En un revelador intercambio de liderazgo militar, el Brig. El general Eric Widmar, asesor principal del Estado Mayor Conjunto, brindó orientación importante al presidente del Estado Mayor Conjunto, general Dan Cain, sobre cómo los comandantes militares deben manejar las órdenes ilegales. El aviso se produce después de un incidente histórico en el que seis legisladores demócratas publicaron un vídeo instando a las tropas estadounidenses a ignorar las órdenes ilegales. Cain, a la luz del video y el escrutinio en curso de las operaciones militares, pidió claridad en la evaluación de la legalidad de las órdenes y una respuesta adecuada a los comandantes que enfrentan órdenes ilegales.
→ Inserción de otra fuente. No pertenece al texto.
(* Let $W\ge 1$, $K=\lfloor (W-1)/p\rfloor$, let $\mu_c>0,l_c>0$ be such that $C$ is $\mu_c$-strongly convex and $l_c$-smooth, and $\zeta=l_c/\mu_c$. Let $\varphi$ be any initialization oracle and $\mathbf z(0)$ the vector it produces. Take stepsizes $\gamma_g=1/l_c$, $\phi=1-1/\sqrt\zeta$, $\gamma_c=(1+\phi)/l_c$, $\gamma_\omega=\phi^2/(2-\phi)$, $\gamma_y=\phi^2/((1+\phi)(2-\phi))$, $\gamma_z=\phi^2/(1-\phi^2)$. Then $$\mathrm{Regret}(\mathrm{RHGD})\le \zeta\Big(\frac{\zeta-1}{\zeta}\Big)^{K}\mathrm{Regret}(\varphi),\qquad \mathrm{Regret}(\mathrm{RHTM})\le \zeta^2\Big(\frac{\sqrt\zeta-1}{\sqrt\zeta}\Big)^{2K}\mathrm{Regret}(\varphi).$$
   Context: Setting: $(A,B)$ in canonical form (indices $0=k_0<k_1<\dots<k_m=n$, $\mathcal I=\{k_1,\dots,k_m\}$; rows $i\notin\mathcal I$ of $A$ equal $e_{i+1}^\top$, rows in $\mathcal I$ arbitrary; $j$-th column of $B$ is $e_{k_j}$; $p_i=k_i-k_{i-1}$, controllability index $p=\max_ip_i$; $A(\mathcal I,:)$ = rows $k_1,\dots,k_m$ of $A$). Dynamics $x_{t+1}=Ax_t+Bu_t$, $x_0=0$, cost $J(\mathbf x,\mathbf u)=\sum_{t=0}^{N-1}[f_t(x_t)+g_t(u_t)]+f_N(x_N)$ with $f_t$ $\mu_f$-strongly convex and $l_f$-smooth, $g_t$ convex and $l_g$-smooth. For $\mathbf z=(z_1,\dots,z_N)\in\mathbb R^{mN}$ ($z_t=0$ for $t\le0$): $x_t(\mathbf z)=(z^1_{t-p_1+1},\dots,z^1_t,\dots,z^m_{t-p_m+1},\dots,z^m_t)^\top$, $u_t(\mathbf z)=z_{t+1}-A(\mathcal I,:)x_t(\mathbf z)$, $C(\mathbf z)=\sum_{t=0}^Nf_t(x_t(\mathbf z))+\sum_{t=0}^{N-1}g_t(u_t(\mathbf z))$; $C(\mathbf z)=J(\mathbf x(\mathbf z),\mathbf u(\mathbf z))$ and $\min C=J^*:=\min\{J(\mathbf x,\mathbf u): x_{t+1}=Ax_t+Bu_t,\ x_0=0\}$. Prediction model: at time $t$ the controller knows the current and past states and $f_s,g_s$ for $s\le t+W-1$. An initialization oracle $\varphi$ produces $\mathbf z(0)\in\mathbb R^{mN}$ with $z_{s}(0)$ depending only on $\{f_r,g_r\}_{r\le s-1}$; $\mathrm{Regret}(\varphi):=J(\mathbf x(\mathbf z(0)),\mathbf u(\mathbf z(0)))-J^*$ (the controller $u_t=z_{t+1}(0)-A(\mathcal I,:)x_t$). For an algorithm, $\mathrm{Regret}=J(\text{its trajectory})-J^*$. RHGD (receding horizon gradient descent) is the online algorithm that, using only the $W$-step lookahead (exploiting that $\partial C/\partial z_t$ depends only on $z_{t-p},\dots,z_{t+p}$ and $f_s,g_s$ for $t-1\le s\le t+p-1$), applies $u_t=z_{t+1}(K)-A(\mathcal I,:)x_t$ where $\mathbf z(j+1)=\mathbf z(j)-\gamma_g\nabla C(\mathbf z(j))$, $j=0,\dots,K-1$, starting from the oracle's $\mathbf z(0)$; its resulting trajectory is $(\mathbf x(\mathbf z(K)),\mathbf u(\mathbf z(K)))$. RHTM (receding horizon triple momentum) is the same with the gradient step replaced by triple momentum: $\boldsymbol\omega(-1)=\boldsymbol\omega(0)=\mathbf y(0)=\mathbf z(0)$ and, for $j\ge0$, $\boldsymbol\omega(j+1)=(1+\gamma_\omega)\boldsymbol\omega(j)-\gamma_\omega\boldsymbol\omega(j-1)-\gamma_c\nabla C(\mathbf y(j))$, $\mathbf y(j+1)=(1+\gamma_y)\boldsymbol\omega(j+1)-\gamma_y\boldsymbol\omega(j)$, $\mathbf z(j+1)=(1+\gamma_z)\boldsymbol\omega(j+1)-\gamma_z\boldsymbol\omega(j)$; it applies $u_t=z_{t+1}(K)-A(\mathcal I,:)x_t$, giving trajectory $(\mathbf x(\mathbf z(K)),\mathbf u(\mathbf z(K)))$. *)

theory Defs
  imports "HOL-Analysis.Analysis"
begin
text \<open>
Encoding of a rooted bipartite (q+1)-edge-colored graph G:
black vertices Bl, white vertices Wh (disjoint, finite); for each colour i in {0..q}
the colour-i edges form a perfect matching between Bl and Wh, encoded by the
bijection sig i : Bl -> Wh (the colour-i edge at black b joins b to sig i b).
Multiple edges are allowed (sig i b = sig j b for i ~= j), loops are impossible.
The root is the colour-0 edge at the black vertex r, oriented from r (black) to sig 0 r.
\<close>

definition col_edges :: "nat set \<Rightarrow> 'v set \<Rightarrow> (nat \<Rightarrow> 'v \<Rightarrow> 'v) \<Rightarrow> ('v \<times> 'v) set" where
  "col_edges cols Bl sig = {(b, sig i b) | i b. i \<in> cols \<and> b \<in> Bl}"

definition col_connected :: "nat set \<Rightarrow> 'v set \<Rightarrow> 'v set \<Rightarrow> (nat \<Rightarrow> 'v \<Rightarrow> 'v) \<Rightarrow> bool" where
  "col_connected cols Bl Wh sig \<longleftrightarrow>
     (\<forall>x \<in> Bl \<union> Wh. \<forall>y \<in> Bl \<union> Wh.
        (x, y) \<in> (col_edges cols Bl sig \<union> (col_edges cols Bl sig)\<inverse>)\<^sup>*)"

definition rooted_bip_colored ::
  "nat \<Rightarrow> 'v set \<Rightarrow> 'v set \<Rightarrow> (nat \<Rightarrow> 'v \<Rightarrow> 'v) \<Rightarrow> 'v \<Rightarrow> bool" where
  "rooted_bip_colored q Bl Wh sig r \<longleftrightarrow>
     finite Bl \<and> finite Wh \<and> Bl \<inter> Wh = {} \<and>
     (\<forall>i \<le> q. bij_betw (sig i) Bl Wh) \<and>
     r \<in> Bl \<and> col_connected {0..q} Bl Wh sig"

definition SYK :: "nat \<Rightarrow> 'v set \<Rightarrow> 'v set \<Rightarrow> (nat \<Rightarrow> 'v \<Rightarrow> 'v) \<Rightarrow> bool" where
  "SYK q Bl Wh sig \<longleftrightarrow> col_connected {1..q} Bl Wh sig"

text \<open>Contracting colour-0 edges identifies each white vertex of S with the
black endpoint of its colour-0 edge. The colour-i directed cycles then are the cycles of
the permutation pi i = (sig 0)^-1 o sig i of Bl.\<close>

definition cperm :: "'v set \<Rightarrow> (nat \<Rightarrow> 'v \<Rightarrow> 'v) \<Rightarrow> nat \<Rightarrow> 'v \<Rightarrow> 'v" where
  "cperm Bl sig i = inv_into Bl (sig 0) \<circ> sig i"

definition corbit :: "'v set \<Rightarrow> (nat \<Rightarrow> 'v \<Rightarrow> 'v) \<Rightarrow> nat \<Rightarrow> 'v \<Rightarrow> 'v set" where
  "corbit Bl sig i b = {(cperm Bl sig i ^^ n) b | n. True}"

text \<open>Vertices of S: white vertices SW b (b the black end of a colour-0 edge), and
colour-i vertices SC i O (O the set of white vertices on a colour-i cycle).\<close>
datatype 'v svert = SW 'v | SC nat "'v set"

definition S_verts :: "nat \<Rightarrow> 'v set \<Rightarrow> (nat \<Rightarrow> 'v \<Rightarrow> 'v) \<Rightarrow> 'v svert set" where
  "S_verts q Bl sig = SW ` Bl \<union> {SC i (corbit Bl sig i b) | i b. 1 \<le> i \<and> i \<le> q \<and> b \<in> Bl}"

definition S_adj :: "nat \<Rightarrow> 'v set \<Rightarrow> (nat \<Rightarrow> 'v \<Rightarrow> 'v) \<Rightarrow> 'v svert \<Rightarrow> 'v svert \<Rightarrow> bool" where
  "S_adj q Bl sig x y \<longleftrightarrow>
     (\<exists>i b. 1 \<le> i \<and> i \<le> q \<and> b \<in> Bl \<and>
        ((x = SW b \<and> y = SC i (corbit Bl sig i b)) \<or> (y = SW b \<and> x = SC i (corbit Bl sig i b))))"

text \<open>S is a simple graph, and deleting vertices with their incident edges leaves an
induced subgraph; hence a subgraph obtained by pruning is described by its vertex set U.\<close>

definition sdeg :: "nat \<Rightarrow> 'v set \<Rightarrow> (nat \<Rightarrow> 'v \<Rightarrow> 'v) \<Rightarrow> 'v svert set \<Rightarrow> 'v svert \<Rightarrow> nat" where
  "sdeg q Bl sig U v = card {u \<in> U. S_adj q Bl sig v u}"

definition prune_step ::
  "nat \<Rightarrow> 'v set \<Rightarrow> (nat \<Rightarrow> 'v \<Rightarrow> 'v) \<Rightarrow> 'v \<Rightarrow> 'v svert set \<Rightarrow> 'v svert set \<Rightarrow> bool" where
  "prune_step q Bl sig r U U' \<longleftrightarrow>
     (\<exists>v \<in> U. v \<noteq> SW r \<and> sdeg q Bl sig U v = 1 \<and> U' = U - {v})"

definition is_core :: "nat \<Rightarrow> 'v set \<Rightarrow> (nat \<Rightarrow> 'v \<Rightarrow> 'v) \<Rightarrow> 'v \<Rightarrow> 'v svert set \<Rightarrow> bool" where
  "is_core q Bl sig r U \<longleftrightarrow>
     (prune_step q Bl sig r)\<^sup>*\<^sup>* (S_verts q Bl sig) U \<and> \<not> (\<exists>U'. prune_step q Bl sig r U U')"

definition chain_vertex ::
  "nat \<Rightarrow> 'v set \<Rightarrow> (nat \<Rightarrow> 'v \<Rightarrow> 'v) \<Rightarrow> 'v \<Rightarrow> 'v svert set \<Rightarrow> 'v svert \<Rightarrow> bool" where
  "chain_vertex q Bl sig r U v \<longleftrightarrow> v \<in> U \<and> v \<noteq> SW r \<and> sdeg q Bl sig U v = 2"

definition core_chain ::
  "nat \<Rightarrow> 'v set \<Rightarrow> (nat \<Rightarrow> 'v \<Rightarrow> 'v) \<Rightarrow> 'v \<Rightarrow> 'v svert set \<Rightarrow> 'v svert list \<Rightarrow> bool" where
  "core_chain q Bl sig r U vs \<longleftrightarrow>
     2 \<le> length vs \<and> set vs \<subseteq> U \<and>
     (\<forall>j < length vs - 1. S_adj q Bl sig (vs ! j) (vs ! (j + 1))) \<and>
     distinct (map (\<lambda>j. {vs ! j, vs ! (j + 1)}) [0..<length vs - 1]) \<and>
     distinct (butlast (tl vs)) \<and>
     hd vs \<notin> set (butlast (tl vs)) \<and> last vs \<notin> set (butlast (tl vs)) \<and>
     (\<forall>v \<in> set (butlast (tl vs)). chain_vertex q Bl sig r U v) \<and>
     \<not> chain_vertex q Bl sig r U (hd vs) \<and> \<not> chain_vertex q Bl sig r U (last vs)"

end

theory Submission
  imports Defs "HOL-Combinatorics.Orbits"
begin

(* If G with its colour-0 edges deleted is disconnected, some colour-0 edge joins two of its
   components; call its black end separating. A colour-i cycle of the constellation through a
   separating vertex alternates colour-i edges with colour-0 edges, so it has to cross the cut a
   second time: every colour-i vertex of S next to a separating white vertex has a second
   separating white neighbour. Separating white vertices (of valency q) and their neighbours
   therefore span a subgraph of S of minimum degree 2, which survives pruning and lies in the
   core. A core-chain leaving a separating white vertex w passes through a colour vertex of
   degree 2, whose other neighbour is again separating, hence of valency q >= 3 and an
   extremity of the chain. So that chain has no internal white vertex, while w has valency q. *)

definition col_conn :: "nat set \<Rightarrow> 'v set \<Rightarrow> (nat \<Rightarrow> 'v \<Rightarrow> 'v) \<Rightarrow> ('v \<times> 'v) set" where
  "col_conn cols Bl sig = (col_edges cols Bl sig \<union> (col_edges cols Bl sig)\<inverse>)\<^sup>*"

lemma col_connected_iff_col_conn:
  "col_connected cols Bl Wh sig \<longleftrightarrow> (\<forall>x \<in> Bl \<union> Wh. \<forall>y \<in> Bl \<union> Wh. (x, y) \<in> col_conn cols Bl sig)"
  unfolding col_connected_def col_conn_def ..

lemma col_conn_refl: "(x, x) \<in> col_conn cols Bl sig"
  unfolding col_conn_def by simp

lemma col_conn_sym: "(x, y) \<in> col_conn cols Bl sig \<Longrightarrow> (y, x) \<in> col_conn cols Bl sig"
  unfolding col_conn_def by (metis sym_Un_converse sym_rtrancl symD)

lemma col_conn_trans:
  "(x, y) \<in> col_conn cols Bl sig \<Longrightarrow> (y, z) \<in> col_conn cols Bl sig \<Longrightarrow> (x, z) \<in> col_conn cols Bl sig"
  unfolding col_conn_def by (rule rtrancl_trans)

lemma col_conn_edge: "i \<in> cols \<Longrightarrow> b \<in> Bl \<Longrightarrow> (b, sig i b) \<in> col_conn cols Bl sig"
  unfolding col_conn_def col_edges_def by (rule r_into_rtrancl) auto

lemma col_connected_remove_colour:
  assumes "col_connected (insert j cols) Bl Wh sig"
    and "\<forall>b \<in> Bl. (b, sig j b) \<in> col_conn cols Bl sig"
  shows "col_connected cols Bl Wh sig"
proof -
  let ?E = "col_edges (insert j cols) Bl sig"
  have "?E \<subseteq> col_conn cols Bl sig"
    using assms(2) col_conn_edge by (fastforce simp: col_edges_def)
  then have "?E \<union> ?E\<inverse> \<subseteq> col_conn cols Bl sig"
    by (auto intro: col_conn_sym)
  then have "(?E \<union> ?E\<inverse>)\<^sup>* \<subseteq> (col_conn cols Bl sig)\<^sup>*"
    by (rule rtrancl_mono)
  then have "col_conn (insert j cols) Bl sig \<subseteq> col_conn cols Bl sig"
    by (simp add: col_conn_def)
  then show ?thesis
    using assms(1) unfolding col_connected_iff_col_conn by blast
qed

definition separating :: "nat \<Rightarrow> 'v set \<Rightarrow> (nat \<Rightarrow> 'v \<Rightarrow> 'v) \<Rightarrow> 'v \<Rightarrow> bool" where
  "separating q Bl sig b \<longleftrightarrow> b \<in> Bl \<and> (b, sig 0 b) \<notin> col_conn {1..q} Bl sig"

lemma not_SYK_imp_separating:
  assumes "rooted_bip_colored q Bl Wh sig r" and "\<not> SYK q Bl Wh sig"
  obtains b where "separating q Bl sig b"
proof -
  have "{0..q} = insert 0 {1..q}"
    by auto
  then have "col_connected (insert 0 {1..q}) Bl Wh sig"
    using assms(1) unfolding rooted_bip_colored_def by simp
  with assms(2) show ?thesis
    using col_connected_remove_colour that unfolding SYK_def separating_def by blast
qed

lemma self_in_orbit_if_inj_on:
  assumes "finite A" "f ` A \<subseteq> A" "inj_on f A" "x \<in> A"
  shows "x \<in> orbit f x"
proof -
  let ?O = "range (\<lambda>n. (f ^^ n) x)"
  have "(f ^^ n) x \<in> A" for n
    using assms(2,4) by (induction n) auto
  then have "?O \<subseteq> A"
    by blast
  moreover have "f ` ?O \<subseteq> ?O"
  proof clarify
    fix n
    show "f ((f ^^ n) x) \<in> ?O"
      using rangeI[of "\<lambda>n. (f ^^ n) x" "Suc n"] by simp
  qed
  ultimately have "f ` ?O = ?O"
    using endo_inj_surj[of ?O f] finite_subset[OF _ assms(1)] inj_on_subset[OF assms(3)] by blast
  moreover have "x \<in> ?O"
    by (rule range_eqI[of _ _ 0]) simp
  ultimately have "x \<in> f ` ?O"
    by simp
  then obtain y where "x = f y" "y \<in> ?O"
    by (rule imageE)
  from \<open>y \<in> ?O\<close> obtain n where "y = (f ^^ n) x"
    by (rule rangeE)
  then have "x = (f ^^ Suc n) x"
    using \<open>x = f y\<close> by simp
  then show ?thesis
    using zero_less_Suc[of n] unfolding orbit_altdef by blast
qed

lemma
  assumes "bij_betw (sig 0) Bl Wh" "bij_betw (sig i) Bl Wh" "c \<in> Bl"
  shows cperm_in: "cperm Bl sig i c \<in> Bl"
    and sig0_cperm: "sig 0 (cperm Bl sig i c) = sig i c"
proof -
  have "sig i c \<in> sig 0 ` Bl"
    using assms by (metis bij_betw_apply bij_betw_imp_surj_on)
  then show "cperm Bl sig i c \<in> Bl" "sig 0 (cperm Bl sig i c) = sig i c"
    unfolding cperm_def by (simp_all add: inv_into_into f_inv_into_f)
qed

lemma inj_on_cperm:
  assumes "bij_betw (sig 0) Bl Wh" "bij_betw (sig i) Bl Wh"
  shows "inj_on (cperm Bl sig i) Bl"
proof -
  have "inj_on (inv_into Bl (sig 0)) (sig i ` Bl)"
    using assms by (metis bij_betw_imp_surj_on inj_on_inv_into subset_refl)
  then show ?thesis
    unfolding cperm_def using assms(2) bij_betw_imp_inj_on comp_inj_on by blast
qed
En casos de incertidumbre sobre la legalidad de la orden, Widmar aconsejó a Cain que los comandantes consultaran a sus asesores legales. Vidmar sugirió que si creen firmemente que una orden es ilegal, lo mejor es solicitar el retiro en lugar de renunciar en protesta pública, lo que podría interpretarse como una maniobra política.

El comentario subraya las crecientes tensiones y debates en los círculos militares sobre las operaciones antinarcóticos en curso dirigidas por el ejército estadounidense, particularmente en los teatros del Caribe y el Pacífico. Estas operaciones han sido criticadas por su legitimidad, en particular el controvertido ataque de “doble toque” que provocó víctimas civiles.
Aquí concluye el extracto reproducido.